**TASK GOAL**
Print all the records exactly as they stand.

**SUPPLIED MATERIAL**
___
(* For every drag $D$ there exists a drag expression all of whose drag components are atomic drags and whose evaluation yields $D$.
   Context: Fix a set $\mathcal{F}$ of function symbols, each with a fixed arity, and a set $\mathcal{X}$ of variables disjoint from $\mathcal{F}$. A drag is a tuple $D=\langle V,R,L,X,S\rangle$ where: $V$ is a finite set of vertices; $R:V\to\mathbb{N}$ is a finite multiset of vertices, the roots ($v$ is rooted if $R(v)>0$); $S\subseteq V$ is the set of sprouts and $I=V\setminus S$ the set of internal vertices; $L:V\to\mathcal{F}\cup\mathcal{X}$ labels internal vertices by function symbols and sprouts by variables; $X:V\to V^*$ assigns to each vertex a list of successors whose length is the arity of its label (sprouts have no successors). If $b$ is the $k$-th element of $X(a)$, then $(a,k,b)$ is an edge with tail $a$ and head $b$. $\mathrm{pred}(v,D)$ is the number of edges with head $v$. Two drags are disjoint if they share neither vertex nor variable; the sum $D\oplus D'$ of disjoint drags is their juxtaposition (union of vertices, roots, labels, edges and sprouts). An equimorphism is a bijection of vertices preserving labels, numbers of roots, and edges (with indices) in both directions. The subdrag of $D$ generated by a vertex $v$ consists of the vertices accessible from $v$ with their labels and edges, each such vertex $w$ getting as roots its roots in $D$ plus the number of edges into $w$ from vertices not accessible from $v$. A wire of a drag $D$ is a pair $s\rightsquigarrow r$ of vertices of $D$ with $s$ a sprout and $r\neq s$. For a set $W$ of wires, $s>_W r$ holds if $s\rightsquigarrow r\in W$, or $s\rightsquigarrow t\in W$ and $t>_W r$ for some $t$. $W$ is well-behaved if it is finite and (1) functional; (2) injective: for every vertex $r$, $\sum_{s>_W r}\mathrm{pred}(s,D)\le R(r)$; (3) the restriction of $>_W$ to pairs of sprouts is acyclic. The elementary wiring $D[s\rightsquigarrow r]$ removes the sprout $s$ (with its roots), replaces every edge $(v,i,s)$ by $(v,i,r)$, and sets the number of roots of $r$ to $R(r)-\mathrm{pred}(s,D)$. For well-behaved $W$, $D_\varnothing=D$ and $D_{\{s\rightsquigarrow r\}\cup W'}=(D[s\rightsquigarrow r])_{W'}$ with $s$ maximal for $>_W$ (choice-independent). The resolution of $t\in\mathrm{Dom}(W)$ is the $>_W$-minimal $r$ with $t>_W r$. $W$ is coherent if (1) when some sprout labeled $x$ is an origin of a wire, all sprouts labeled $x$ are; (2) for wires $s\rightsquigarrow r$, $s'\rightsquigarrow r'$ with same-labeled origins, the images of $r,r'$ under the map $D\to D_W$ (identity outside $\mathrm{Dom}(W)$, resolution on $\mathrm{Dom}(W)$) generate equimorphic subdrags of $D_W$. Given disjoint drags $D,D'$, a switchboard for $D,D'$ is a pair of partial functions $\xi_D$ from sprouts of $D$ to rooted vertices of $D'$ and $\xi_{D'}$ from sprouts of $D'$ to rooted vertices of $D$, such that $\xi=\xi_D\cup\xi_{D'}$ is a coherent well-behaved set of wires of $D\oplus D'$. Their product is $D\otimes_\xi D'=(D\oplus D')_\xi$. A drag expression is an expression built, by means of sums $\oplus$ and products $\otimes_\xi$ (with $\xi$ a switchboard for the values of the two arguments), from a set of drags $\{D_i\}_i$, its drag components, such that $D_i$ and $D_j$ share no vertex and no variable for $i\neq j$. An atomic drag is either (a) an atomic vertex: a drag with exactly one internal vertex, carrying any number of roots, whose successors are sprouts that are pairwise distinct and carry pairwise distinct labels; or (b) an atomic set of sprouts: a drag with no internal vertex consisting of a nonempty set of pairwise distinct sprouts all labeled by the same variable, each with any number of roots. *)

theory Defs
  imports Main
begin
___
**ANSWER TO THIS PROBLEM**
(* For every drag $D$ there exists a drag expression all of whose drag components are atomic drags and whose evaluation yields $D$.
   Context: Fix a set $\mathcal{F}$ of function symbols, each with a fixed arity, and a set $\mathcal{X}$ of variables disjoint from $\mathcal{F}$. A drag is a tuple $D=\langle V,R,L,X,S\rangle$ where: $V$ is a finite set of vertices; $R:V\to\mathbb{N}$ is a finite multiset of vertices, the roots ($v$ is rooted if $R(v)>0$); $S\subseteq V$ is the set of sprouts and $I=V\setminus S$ the set of internal vertices; $L:V\to\mathcal{F}\cup\mathcal{X}$ labels internal vertices by function symbols and sprouts by variables; $X:V\to V^*$ assigns to each vertex a list of successors whose length is the arity of its label (sprouts have no successors). If $b$ is the $k$-th element of $X(a)$, then $(a,k,b)$ is an edge with tail $a$ and head $b$. $\mathrm{pred}(v,D)$ is the number of edges with head $v$. Two drags are disjoint if they share neither vertex nor variable; the sum $D\oplus D'$ of disjoint drags is their juxtaposition (union of vertices, roots, labels, edges and sprouts). An equimorphism is a bijection of vertices preserving labels, numbers of roots, and edges (with indices) in both directions. The subdrag of $D$ generated by a vertex $v$ consists of the vertices accessible from $v$ with their labels and edges, each such vertex $w$ getting as roots its roots in $D$ plus the number of edges into $w$ from vertices not accessible from $v$. A wire of a drag $D$ is a pair $s\rightsquigarrow r$ of vertices of $D$ with $s$ a sprout and $r\neq s$. For a set $W$ of wires, $s>_W r$ holds if $s\rightsquigarrow r\in W$, or $s\rightsquigarrow t\in W$ and $t>_W r$ for some $t$. $W$ is well-behaved if it is finite and (1) functional; (2) injective: for every vertex $r$, $\sum_{s>_W r}\mathrm{pred}(s,D)\le R(r)$; (3) the restriction of $>_W$ to pairs of sprouts is acyclic. The elementary wiring $D[s\rightsquigarrow r]$ removes the sprout $s$ (with its roots), replaces every edge $(v,i,s)$ by $(v,i,r)$, and sets the number of roots of $r$ to $R(r)-\mathrm{pred}(s,D)$. For well-behaved $W$, $D_\varnothing=D$ and $D_{\{s\rightsquigarrow r\}\cup W'}=(D[s\rightsquigarrow r])_{W'}$ with $s$ maximal for $>_W$ (choice-independent). The resolution of $t\in\mathrm{Dom}(W)$ is the $>_W$-minimal $r$ with $t>_W r$. $W$ is coherent if (1) when some sprout labeled $x$ is an origin of a wire, all sprouts labeled $x$ are; (2) for wires $s\rightsquigarrow r$, $s'\rightsquigarrow r'$ with same-labeled origins, the images of $r,r'$ under the map $D\to D_W$ (identity outside $\mathrm{Dom}(W)$, resolution on $\mathrm{Dom}(W)$) generate equimorphic subdrags of $D_W$. Given disjoint drags $D,D'$, a switchboard for $D,D'$ is a pair of partial functions $\xi_D$ from sprouts of $D$ to rooted vertices of $D'$ and $\xi_{D'}$ from sprouts of $D'$ to rooted vertices of $D$, such that $\xi=\xi_D\cup\xi_{D'}$ is a coherent well-behaved set of wires of $D\oplus D'$. Their product is $D\otimes_\xi D'=(D\oplus D')_\xi$. A drag expression is an expression built, by means of sums $\oplus$ and products $\otimes_\xi$ (with $\xi$ a switchboard for the values of the two arguments), from a set of drags $\{D_i\}_i$, its drag components, such that $D_i$ and $D_j$ share no vertex and no variable for $i\neq j$. An atomic drag is either (a) an atomic vertex: a drag with exactly one internal vertex, carrying any number of roots, whose successors are sprouts that are pairwise distinct and carry pairwise distinct labels; or (b) an atomic set of sprouts: a drag with no internal vertex consisting of a nonempty set of pairwise distinct sprouts all labeled by the same variable, each with any number of roots. *)

theory Defs
  imports Main
begin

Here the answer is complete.